Eventually I do take photos of course. Then I approach Ponte Vecchio from the northern side. Pretty jewelry displays fill every shop window. Was it so twenty years ago? I don’t remember. I soon learn that indeed it was: for the butchers, tanners and blacksmiths who operated from the bridge originally, were thrown out by Duke Ferdinando I in 1593 for creating too much noise and stench. Back and forward along Ponte Vecchio I wander, luxuriating in the fact that there’s no hurry. Nor does it matter that it’s Monday and museums are shut, as I plan to visit
Firenze over and over again. I feel rich with opportunity, and my Tuscan
hat provokes conversation.
Next I wander along the Archibusieri, the corridor adjacent to the river, until I find myself looking straight under the arches of the infamous Uffizi Gallery. I smirk to see I had scribbled the names of favourite paintings on the back of my precious map. And I wonder if my experience of them now will be as satisfying? I walk in circles around Piazza della Signoria still reveling in the lack of need to rush. A talented guitarist adds to the atmosphere, playing classical augmentations of well-known pop songs.
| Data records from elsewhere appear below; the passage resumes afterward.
lemma funpow_between_ratios:
  assumes u: "u \<in> pos_cone" "f u = u" and x: "x \<in> pos_cone"
  shows "min_ratio u x *\<^sub>R u \<le> (f ^^ k) x" "(f ^^ k) x \<le> max_ratio u x *\<^sub>R u"
proof (induction k)
  case 0
  show "min_ratio u x *\<^sub>R u \<le> (f ^^ 0) x" "(f ^^ 0) x \<le> max_ratio u x *\<^sub>R u"
    using min_ratio_le[OF u(1)] le_max_ratio[OF u(1)] by simp_all
next
  case (Suc k)
  have \<alpha>: "0 < min_ratio u x" and \<beta>: "0 < max_ratio u x"
    using min_ratio_pos[OF u(1) x] max_ratio_pos[OF u(1) x] .
  have "f (min_ratio u x *\<^sub>R u) \<le> f ((f ^^ k) x)"
    by (rule mono[OF pos_cone_scaleR[OF u(1) \<alpha>] funpow_in_cone[OF x] Suc.IH(1)])
  moreover have "f ((f ^^ k) x) \<le> f (max_ratio u x *\<^sub>R u)"
    by (rule mono[OF funpow_in_cone[OF x] pos_cone_scaleR[OF u(1) \<beta>] Suc.IH(2)])
  ultimately show "min_ratio u x *\<^sub>R u \<le> (f ^^ Suc k) x" "(f ^^ Suc k) x \<le> max_ratio u x *\<^sub>R u"
    using homogeneous[OF u(1) \<alpha>] homogeneous[OF u(1) \<beta>] u(2) by simp_all
qed

lemma limit_point_with_limit_ratios:
  assumes u: "u \<in> pos_cone" "f u = u" and x: "x \<in> pos_cone"
    and M: "(\<lambda>k. max_ratio u ((f ^^ k) x)) \<longlonglongrightarrow> Ms"
    and m: "(\<lambda>k. min_ratio u ((f ^^ k) x)) \<longlonglongrightarrow> ms"
  obtains y where "y \<in> pos_cone"
    "\<And>k. max_ratio u ((f ^^ k) y) = Ms" "\<And>k. min_ratio u ((f ^^ k) y) = ms"
proof -
  have "range (\<lambda>k. (f ^^ k) x) \<subseteq> cbox (min_ratio u x *\<^sub>R u) (max_ratio u x *\<^sub>R u)"
    using funpow_between_ratios[OF u x] by (auto simp: interval_cbox_cart[symmetric])
  then have "bounded (range (\<lambda>k. (f ^^ k) x))" by (rule bounded_subset[OF bounded_cbox])
  then obtain \<sigma> y where \<sigma>: "strict_mono \<sigma>" and lim: "(\<lambda>j. (f ^^ \<sigma> j) x) \<longlonglongrightarrow> y"
    using bounded_imp_convergent_subsequence[of "\<lambda>k. (f ^^ k) x"] by (auto simp: o_def)
  have "min_ratio u x * u $ i \<le> y $ i" for i
    using funpow_between_ratios(1)[OF u x]
    by (intro LIMSEQ_le_const[OF tendsto_vec_nth[OF lim]]) (simp add: less_eq_vec_def)
  moreover have "0 < min_ratio u x * u $ i" for i
    using min_ratio_pos[OF u(1) x] pos_coneD[OF u(1)] by simp
  ultimately have y: "y \<in> pos_cone" unfolding pos_cone_def by (blast intro: less_le_trans)
  have shifted: "(\<lambda>j. (f ^^ (k + \<sigma> j)) x) \<longlonglongrightarrow> (f ^^ k) y" for k
  proof (induction k)
    case 0
    then show ?case using lim by simp
  next
    case (Suc k)
    then show ?case
      using continuous_on_tendsto_compose[OF continuous_on_cone Suc funpow_in_cone[OF y]]
        funpow_in_cone[OF x] by simp
  qed
  have sub: "strict_mono (\<lambda>j. k + \<sigma> j)" for k using \<sigma> by (simp add: strict_mono_def)
  have "max_ratio u ((f ^^ k) y) = Ms" for k
    using LIMSEQ_unique[OF tendsto_max_ratio[OF shifted]
        LIMSEQ_subseq_LIMSEQ[OF M sub, unfolded o_def]] .
  moreover have "min_ratio u ((f ^^ k) y) = ms" for k
    using LIMSEQ_unique[OF tendsto_min_ratio[OF shifted]
        LIMSEQ_subseq_LIMSEQ[OF m sub, unfolded o_def]] .
  ultimately show thesis using y that by blast
qed

lemma ratio_limits_funpow:
  assumes u: "u \<in> pos_cone" "f u = u" and x: "x \<in> pos_cone"
  obtains Ms ms where "(\<lambda>k. max_ratio u ((f ^^ k) x)) \<longlonglongrightarrow> Ms"
    "(\<lambda>k. min_ratio u ((f ^^ k) x)) \<longlonglongrightarrow> ms" "0 < ms" "ms \<le> Ms"
proof -
  define M where "M k = max_ratio u ((f ^^ k) x)" for k
  define m where "m k = min_ratio u ((f ^^ k) x)" for k
  have mM: "m k \<le> M k" for k by (simp add: m_def M_def min_ratio_le_max_ratio)
  have "decseq M" "incseq m"
    using decseq_max_ratio_funpow[OF u x] incseq_min_ratio_funpow[OF u x]
    by (simp_all add: M_def[abs_def] m_def[abs_def])
  have m0M: "m 0 \<le> M k" for k using incseqD[OF \<open>incseq m\<close>, of 0 k] mM[of k] by simp
  have mM0: "m k \<le> M 0" for k using decseqD[OF \<open>decseq M\<close>, of 0 k] mM[of k] by simp
  obtain Ms where Ms: "M \<longlonglongrightarrow> Ms"
    using decseq_convergent[OF \<open>decseq M\<close>, of "m 0"] m0M by blast
  obtain ms where ms: "m \<longlonglongrightarrow> ms"
    using incseq_convergent[OF \<open>incseq m\<close>, of "M 0"] mM0 by blast
  have "m 0 \<le> ms"
    by (rule LIMSEQ_le_const[OF ms]) (use incseqD[OF \<open>incseq m\<close>] in blast)
  then have "0 < ms" using min_ratio_pos[OF u(1) x] by (simp add: m_def)
  moreover have "ms \<le> Ms" using LIMSEQ_le[OF ms Ms] mM by blast
  ultimately show thesis using that Ms ms by (simp add: M_def[abs_def] m_def[abs_def])
qed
Friends laugh at my fondness for John Denver - cemented after going to a live concert not long after my father died and finding him of immense comfort. What would they think of hearing Annie’s Song in the middle of
Firenze? I can see
Brunelleschi’s Dome poking up over buildings in the distance but decide to save
the duomo’s delights for later. Instead
I walk toward Basilica di Santa Croce,
stopping on the opposite side of the piazza to stare at the white stone façade
glistening in the strong afternoon light.
Churches of this size really do need a large space in front of them, for
one of the things that makes the Duomo in Milano and the Vatican in
so special is the life going on around them.
At any rate you can’t absorb the grandeur with one or two glances, so I
plonk myself down in the shade happy to eat an apple and watch tour-groups
After hours of indulgent wandering in the vicinity of Piazza della Repubblica and Piazza San Marco, I finally make my way back across Ponte Vecchio toward my car. On the south side of the river I drive around to Piazzale Michelangelo. Sinking into splendid views over the city and river, Brunelleschi’s Dome sparkling in early evening sun, I am soon refreshed by the gradually-cooler air and the music provided by buskers, one strumming a Ukranian dulcimer.
After driving back to my new home in the Tuscan olive grove, I then top off an invigorating day by preparing a salad with tomatoes, basil and peppers picked freshly from the garden near my cottage. Combined with pane, olio e parmigiano reggiano this is about as good as it gets, and I walk up the hill to the pool with a bottle of Chianti under my arm and the scent of freshly-cut basilico in my nostrils. The key to this country living, I’m fast realizing, is going to be to mix it up - alternating between bustling town and social experiences, with quiet time for reading, writing and swimming.
A new wave of contentment washes over me.